ASSIGNED TASK:
In the material below, transcribe every line from the first through the line holding "text \<open>Agents are", exactly, and stop after that line.

DATA SHOWN:
▬▬▬▬▬▬
(* In a combinatorial auction with single-dimensional signals and SOS valuations, fix a true signal profile $\mathbf{s}$ (reported truthfully) and a welfare-maximizing allocation $T^*=(T_i^* )_i$ at $\mathbf{s}$. Then the expected welfare $\mathbb{E}[\sum_i v_{i\tilde T_i}(\mathbf{s})]$ of the Random Sampling mechanism is at least $\frac14\mathsf{OTHER}$, where $\mathsf{OTHER}=\sum_i v_{iT_i^*}(\mathbf{s}_{-i},0_i)$.
   Context: Setting: $n$ agents, $m$ items; agent $i$ has private signal $s_i\ge0$; her value for bundle $T$ is $v_{iT}(\mathbf{s})\ge0$, public, weakly increasing in each coordinate, strictly in $s_i$; each $v_{iT}$ is SOS: for every coordinate $j$, $s_j$, $\delta\ge0$, and $\mathbf{s}'_{-j}\le\mathbf{s}_{-j}$ coordinate-wise, $v(\mathbf{s}'_{-j},s_j+\delta)-v(\mathbf{s}'_{-j},s_j)\ge v(\mathbf{s}_{-j},s_j+\delta)-v(\mathbf{s}_{-j},s_j)$. $(\mathbf{s}_{-i},0_i)$ is $\mathbf{s}$ with $s_i$ set to $0$. Random Sampling (on reports $\mathbf{s}$): split agents uniformly at random into $A,B$; for $i\in B$ let $\tilde v_{iT}=v_{iT}(\mathbf{s}_A,\mathbf{0}_B)$ (all signals of $B$, including $i$'s own, set to $0$), for $i\in A$ let $\tilde v_{iT}=0$; choose $\tilde T\in\arg\max\sum_{i\in B}\tilde v_{i\tilde T_i}$ over allocations to agents of $B$; no payments. *)

theory Defs
  imports Complex_Main
begin

text \<open>Agents are the elements of a finite type 'n, items the elements of a finite type 'm.
  A signal profile is a function 'n \<Rightarrow> real; only nonnegative profiles are meaningful.
  A valuation is v :: 'n \<Rightarrow> 'm set \<Rightarrow> ('n \<Rightarrow> real) \<Rightarrow> real, v i T s = v_{iT}(s).\<close>

definition nonneg_profile :: "('n \<Rightarrow> real) \<Rightarrow> bool" where
  "nonneg_profile s \<longleftrightarrow> (\<forall>j. 0 \<le> s j)"

definition is_allocation :: "('n \<Rightarrow> 'm set) \<Rightarrow> bool" where
  "is_allocation T \<longleftrightarrow> (\<forall>i j. i \<noteq> j \<longrightarrow> T i \<inter> T j = {})"

definition weakly_increasing :: "(('n \<Rightarrow> real) \<Rightarrow> real) \<Rightarrow> bool" where
  "weakly_increasing f \<longleftrightarrow>
     (\<forall>s s'. nonneg_profile s \<and> (\<forall>j. s j \<le> s' j) \<longrightarrow> f s \<le> f s')"

definition strictly_increasing_in :: "'n \<Rightarrow> (('n \<Rightarrow> real) \<Rightarrow> real) \<Rightarrow> bool" where
  "strictly_increasing_in i f \<longleftrightarrow>
     (\<forall>s \<delta>. nonneg_profile s \<and> 0 < \<delta> \<longrightarrow> f s < f (s(i := s i + \<delta>)))"

definition SOS :: "(('n \<Rightarrow> real) \<Rightarrow> real) \<Rightarrow> bool" where
  "SOS f \<longleftrightarrow>
     (\<forall>j s s' \<delta>. nonneg_profile s \<and> nonneg_profile s' \<and> 0 \<le> \<delta> \<and>
        s' j = s j \<and> (\<forall>k. k \<noteq> j \<longrightarrow> s' k \<le> s k) \<longrightarrow>
        f (s(j := s j + \<delta>)) - f s \<le> f (s'(j := s j + \<delta>)) - f s')"

definition valid_valuations :: "('n \<Rightarrow> 'm set \<Rightarrow> ('n \<Rightarrow> real) \<Rightarrow> real) \<Rightarrow> bool" where
  "valid_valuations v \<longleftrightarrow>
     (\<forall>i T. (\<forall>s. nonneg_profile s \<longrightarrow> 0 \<le> v i T s)
          \<and> weakly_increasing (v i T)
          \<and> strictly_increasing_in i (v i T)
          \<and> SOS (v i T))"

definition welfare :: "('n::finite \<Rightarrow> 'm set \<Rightarrow> ('n \<Rightarrow> real) \<Rightarrow> real) \<Rightarrow> ('n \<Rightarrow> 'm set)
    \<Rightarrow> ('n \<Rightarrow> real) \<Rightarrow> real" where
  "welfare v T s = (\<Sum>i\<in>UNIV. v i (T i) s)"

definition welfare_maximizing ::
  "('n::finite \<Rightarrow> 'm set \<Rightarrow> ('n \<Rightarrow> real) \<Rightarrow> real) \<Rightarrow> ('n \<Rightarrow> real) \<Rightarrow> ('n \<Rightarrow> 'm set) \<Rightarrow> bool" where
  "welfare_maximizing v s T \<longleftrightarrow> is_allocation T \<and>
     (\<forall>T'. is_allocation T' \<longrightarrow> welfare v T' s \<le> welfare v T s)"

definition OTHER :: "('n::finite \<Rightarrow> 'm set \<Rightarrow> ('n \<Rightarrow> real) \<Rightarrow> real) \<Rightarrow> ('n \<Rightarrow> real)
    \<Rightarrow> ('n \<Rightarrow> 'm set) \<Rightarrow> real" where
  "OTHER v s T = (\<Sum>i\<in>UNIV. v i (T i) (s(i := 0)))"

definition zero_on :: "'n set \<Rightarrow> ('n \<Rightarrow> real) \<Rightarrow> ('n \<Rightarrow> real)" where
  "zero_on B s = (\<lambda>j. if j \<in> B then 0 else s j)"

definition allocation_to :: "'n set \<Rightarrow> ('n \<Rightarrow> 'm set) \<Rightarrow> bool" where
  "allocation_to B T \<longleftrightarrow> is_allocation T \<and> (\<forall>i. i \<notin> B \<longrightarrow> T i = {})"

definition RS_estimate :: "('n::finite \<Rightarrow> 'm set \<Rightarrow> ('n \<Rightarrow> real) \<Rightarrow> real) \<Rightarrow> ('n \<Rightarrow> real)
    \<Rightarrow> 'n set \<Rightarrow> ('n \<Rightarrow> 'm set) \<Rightarrow> real" where
  "RS_estimate v s B T = (\<Sum>i\<in>B. v i (T i) (zero_on B s))"

text \<open>A (arbitrary tie-breaking) outcome rule of Random Sampling: for each realisation B of
  the random set B (A = complement), TT B is an argmax of the estimated welfare over
  allocations to agents of B.\<close>
definition RS_outcome :: "('n::finite \<Rightarrow> 'm set \<Rightarrow> ('n \<Rightarrow> real) \<Rightarrow> real) \<Rightarrow> ('n \<Rightarrow> real)
    \<Rightarrow> ('n set \<Rightarrow> 'n \<Rightarrow> 'm set) \<Rightarrow> bool" where
  "RS_outcome v s TT \<longleftrightarrow> (\<forall>B. allocation_to B (TT B) \<and>
     (\<forall>T. allocation_to B T \<longrightarrow> RS_estimate v s B T \<le> RS_estimate v s B (TT B)))"

definition RS_expected_welfare :: "('n::finite \<Rightarrow> 'm set \<Rightarrow> ('n \<Rightarrow> real) \<Rightarrow> real) \<Rightarrow> ('n \<Rightarrow> real)
    \<Rightarrow> ('n set \<Rightarrow> 'n \<Rightarrow> 'm set) \<Rightarrow> real" where
  "RS_expected_welfare v s TT =
     (\<Sum>B\<in>(UNIV :: 'n set set). welfare v (TT B) s) / 2 ^ card (UNIV :: 'n set)"

end

theory Submission
  imports Defs
begin

text \<open>For an agent i and a split with i \<in> B, pair B with the mirrored split (-B) \<union> {i}, in which
  i is again sampled but every other agent changes side. SOS makes "revealing" signals submodular,
  so the two estimated values of i's optimal bundle together dominate its value at (s_{-i}, 0_i).
  Averaging over the splits containing i (half of all splits) gives a quarter of OTHER, and on every
  split the mechanism's true welfare dominates its estimate of the optimum restricted to B.\<close>

lemma nonneg_profile_zero_on: "nonneg_profile s \<Longrightarrow> nonneg_profile (zero_on B s)"
  by (simp add: nonneg_profile_def zero_on_def)

lemma SOS_zero_on_submodular:
  assumes sos: "SOS f" and s: "nonneg_profile s" and "finite Q" and "P \<inter> Q = {}"
  shows "f (zero_on (-(P \<union> Q)) s) + f (zero_on UNIV s)
           \<le> f (zero_on (-P) s) + f (zero_on (-Q) s)"
  using \<open>finite Q\<close> \<open>P \<inter> Q = {}\<close>
proof (induction Q rule: finite_induct)
  case empty
  then show ?case by simp
next
  case (insert j Q)
  then have "j \<notin> P" "j \<notin> Q" and IH: "f (zero_on (-(P \<union> Q)) s) + f (zero_on UNIV s)
                                          \<le> f (zero_on (-P) s) + f (zero_on (-Q) s)"
    by auto
  define big where "big = zero_on (-(P \<union> Q)) s"
  define small where "small = zero_on (-Q) s"
  have "f (big(j := big j + s j)) - f big \<le> f (small(j := big j + s j)) - f small"
    using sos[unfolded SOS_def, rule_format, of big small "s j" j] s \<open>j \<notin> P\<close> \<open>j \<notin> Q\<close>
    by (auto simp: big_def small_def zero_on_def nonneg_profile_def)
  moreover have "big(j := big j + s j) = zero_on (-(P \<union> insert j Q)) s"
    and "small(j := big j + s j) = zero_on (-(insert j Q)) s"
    using \<open>j \<notin> P\<close> \<open>j \<notin> Q\<close> by (auto simp: big_def small_def zero_on_def)
  ultimately show ?case using IH by (simp add: big_def small_def)
qed

lemma mirrored_split_value_bound:
  assumes vv: "valid_valuations v" and s: "nonneg_profile s" and "finite B" and "i \<in> B"
  shows "v i T (s(i := 0)) \<le> v i T (zero_on B s) + v i T (zero_on (-B \<union> {i}) s)"
proof -
  have "v i T (zero_on (-(-B \<union> (B - {i}))) s) + v i T (zero_on UNIV s)
          \<le> v i T (zero_on (-(-B)) s) + v i T (zero_on (-(B - {i})) s)"
    using vv s \<open>finite B\<close> by (intro SOS_zero_on_submodular) (auto simp: valid_valuations_def)
  moreover have "zero_on (-(-B \<union> (B - {i}))) s = s(i := 0)"
    using \<open>i \<in> B\<close> by (auto simp: zero_on_def)
  moreover have "-(B - {i}) = -B \<union> {i}" by auto
  moreover have "0 \<le> v i T (zero_on UNIV s)"
    using vv nonneg_profile_zero_on[OF s] by (simp add: valid_valuations_def)
  ultimately show ?thesis by simp
qed

lemma sum_splits_containing_const:
  fixes i :: "'n::finite"
  shows "(\<Sum>B\<in>UNIV. if i \<in> B then c else 0) * 2 = 2 ^ card (UNIV :: 'n set) * (c::real)"
proof -
  have complement: "(\<Sum>B\<in>UNIV. if i \<in> B then c else 0) = (\<Sum>B\<in>UNIV. if i \<in> -B then c else 0)"
    by (rule sum.reindex_bij_witness[of _ uminus uminus]) auto
  have "(\<Sum>B\<in>UNIV. if i \<in> B then c else 0) + (\<Sum>B\<in>UNIV. if i \<in> -B then c else 0)
          = (\<Sum>B\<in>(UNIV :: 'n set set). c)"
    by (subst sum.distrib[symmetric]) (rule sum.cong, auto)
  also have "\<dots> = 2 ^ card (UNIV :: 'n set) * c"
    using card_Pow[of "UNIV :: 'n set"] by simp
  finally show ?thesis using complement by simp
qed

lemma sum_splits_containing_estimate_bound:
  fixes v :: "'n::finite \<Rightarrow> 'm set \<Rightarrow> ('n \<Rightarrow> real) \<Rightarrow> real"
  assumes vv: "valid_valuations v" and s: "nonneg_profile s"
  shows "2 ^ card (UNIV :: 'n set) * v i T (s(i := 0))
           \<le> (\<Sum>B\<in>UNIV. if i \<in> B then v i T (zero_on B s) else 0) * 4"
proof -
  define h where "h B = v i T (zero_on B s)" for B
  define mirror where "mirror B = (-B - {i}) \<union> (B \<inter> {i})" for B :: "'n set"
  have mirror_mirror: "mirror (mirror B) = B" and mirror_mem: "i \<in> mirror B \<longleftrightarrow> i \<in> B" for B
    by (auto simp: mirror_def)
  have reindex: "(\<Sum>B\<in>UNIV. if i \<in> B then h (mirror B) else 0) = (\<Sum>B\<in>UNIV. if i \<in> B then h B else 0)"
    by (rule sum.reindex_bij_witness[of _ mirror mirror]) (auto simp: mirror_mirror mirror_mem)
  have "(\<Sum>B\<in>UNIV. if i \<in> B then v i T (s(i := 0)) else 0)
          \<le> (\<Sum>B\<in>UNIV. if i \<in> B then h B + h (mirror B) else 0)"
  proof (rule sum_mono)
    fix B :: "'n set"
    show "(if i \<in> B then v i T (s(i := 0)) else 0) \<le> (if i \<in> B then h B + h (mirror B) else 0)"
    proof (cases "i \<in> B")
      case True
      then have "mirror B = -B \<union> {i}" by (auto simp: mirror_def)
      then show ?thesis using True mirrored_split_value_bound[OF vv s finite True] by (simp add: h_def)
    qed simp
  qed
  also have "\<dots> = (\<Sum>B\<in>UNIV. if i \<in> B then h B else 0) * 2"
  proof -
    have "(\<Sum>B\<in>UNIV. if i \<in> B then h B + h (mirror B) else 0)
            = (\<Sum>B\<in>UNIV. if i \<in> B then h B else 0) + (\<Sum>B\<in>UNIV. if i \<in> B then h (mirror B) else 0)"
      by (subst sum.distrib[symmetric]) (rule sum.cong, auto)
    then show ?thesis unfolding reindex by simp
  qed
  finally have "(\<Sum>B\<in>UNIV. if i \<in> B then v i T (s(i := 0)) else 0) * 2
                  \<le> (\<Sum>B\<in>UNIV. if i \<in> B then h B else 0) * 4"
    by simp
  then show ?thesis
    unfolding sum_splits_containing_const h_def .
qed

lemma estimate_of_optimum_le_welfare:
  assumes vv: "valid_valuations v" and s: "nonneg_profile s"
    and opt: "welfare_maximizing v s Tstar" and rs: "RS_outcome v s TT"
  shows "(\<Sum>i\<in>UNIV. if i \<in> B then v i (Tstar i) (zero_on B s) else 0) \<le> welfare v (TT B) s"
proof -
  define restricted where "restricted i = (if i \<in> B then Tstar i else {})" for i
  have "allocation_to B restricted"
    using opt by (auto simp: welfare_maximizing_def allocation_to_def is_allocation_def restricted_def)
  then have "RS_estimate v s B restricted \<le> RS_estimate v s B (TT B)"
    using rs by (simp add: RS_outcome_def)
  moreover have "RS_estimate v s B restricted
      = (\<Sum>i\<in>UNIV. if i \<in> B then v i (Tstar i) (zero_on B s) else 0)"
    by (simp add: RS_estimate_def sum.If_cases restricted_def)
  moreover have "RS_estimate v s B (TT B) \<le> welfare v (TT B) s"
  proof -
    have "RS_estimate v s B (TT B) = (\<Sum>i\<in>UNIV. if i \<in> B then v i (TT B i) (zero_on B s) else 0)"
      by (simp add: RS_estimate_def sum.If_cases)
    also have "\<dots> \<le> welfare v (TT B) s"
      unfolding welfare_def
    proof (rule sum_mono)
      fix i
      have "v i (TT B i) (zero_on B s) \<le> v i (TT B i) s"
        using vv s by (auto simp: valid_valuations_def weakly_increasing_def zero_on_def nonneg_profile_def)
      moreover have "0 \<le> v i (TT B i) s" using vv s by (simp add: valid_valuations_def)
      ultimately show "(if i \<in> B then v i (TT B i) (zero_on B s) else 0) \<le> v i (TT B i) s"
        by simp
    qed
    finally show ?thesis .
  qed
  ultimately show ?thesis by linarith
qed

theorem mainTheorem7:
  fixes v :: "'n::finite \<Rightarrow> 'm::finite set \<Rightarrow> ('n \<Rightarrow> real) \<Rightarrow> real"
    and s :: "'n \<Rightarrow> real"
    and Tstar :: "'n \<Rightarrow> 'm set"
    and TT :: "'n set \<Rightarrow> 'n \<Rightarrow> 'm set"
  assumes "valid_valuations v"
    and "nonneg_profile s"
    and "welfare_maximizing v s Tstar"
    and "RS_outcome v s TT"
  shows "RS_expected_welfare v s TT \<ge> OTHER v s Tstar / 4"
proof -
  let ?N = "2 ^ card (UNIV :: 'n set) :: real"
  let ?est = "\<lambda>i B. if i \<in> B then v i (Tstar i) (zero_on B s) else 0"
  have "?N * OTHER v s Tstar = (\<Sum>i\<in>UNIV. ?N * v i (Tstar i) (s(i := 0)))"
    by (simp add: OTHER_def sum_distrib_left)
  also have "\<dots> \<le> (\<Sum>i\<in>UNIV. (\<Sum>B\<in>UNIV. ?est i B) * 4)"
    by (rule sum_mono) (rule sum_splits_containing_estimate_bound[OF assms(1,2)])
  also have "\<dots> = 4 * (\<Sum>B\<in>UNIV. \<Sum>i\<in>UNIV. ?est i B)"
    by (subst sum.swap) (simp add: sum_distrib_left mult.commute)
  also have "\<dots> \<le> 4 * (\<Sum>B\<in>UNIV. welfare v (TT B) s)"
    using sum_mono[OF estimate_of_optimum_le_welfare[OF assms]] by simp
  finally show ?thesis
    unfolding RS_expected_welfare_def by (simp add: field_simps)
qed

end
▬▬▬▬▬▬
SOLUTION FOR THIS TASK:
(* In a combinatorial auction with single-dimensional signals and SOS valuations, fix a true signal profile $\mathbf{s}$ (reported truthfully) and a welfare-maximizing allocation $T^*=(T_i^* )_i$ at $\mathbf{s}$. Then the expected welfare $\mathbb{E}[\sum_i v_{i\tilde T_i}(\mathbf{s})]$ of the Random Sampling mechanism is at least $\frac14\mathsf{OTHER}$, where $\mathsf{OTHER}=\sum_i v_{iT_i^*}(\mathbf{s}_{-i},0_i)$.
   Context: Setting: $n$ agents, $m$ items; agent $i$ has private signal $s_i\ge0$; her value for bundle $T$ is $v_{iT}(\mathbf{s})\ge0$, public, weakly increasing in each coordinate, strictly in $s_i$; each $v_{iT}$ is SOS: for every coordinate $j$, $s_j$, $\delta\ge0$, and $\mathbf{s}'_{-j}\le\mathbf{s}_{-j}$ coordinate-wise, $v(\mathbf{s}'_{-j},s_j+\delta)-v(\mathbf{s}'_{-j},s_j)\ge v(\mathbf{s}_{-j},s_j+\delta)-v(\mathbf{s}_{-j},s_j)$. $(\mathbf{s}_{-i},0_i)$ is $\mathbf{s}$ with $s_i$ set to $0$. Random Sampling (on reports $\mathbf{s}$): split agents uniformly at random into $A,B$; for $i\in B$ let $\tilde v_{iT}=v_{iT}(\mathbf{s}_A,\mathbf{0}_B)$ (all signals of $B$, including $i$'s own, set to $0$), for $i\in A$ let $\tilde v_{iT}=0$; choose $\tilde T\in\arg\max\sum_{i\in B}\tilde v_{i\tilde T_i}$ over allocations to agents of $B$; no payments. *)

theory Defs
  imports Complex_Main
begin

text \<open>Agents are the elements of a finite type 'n, items the elements of a finite type 'm.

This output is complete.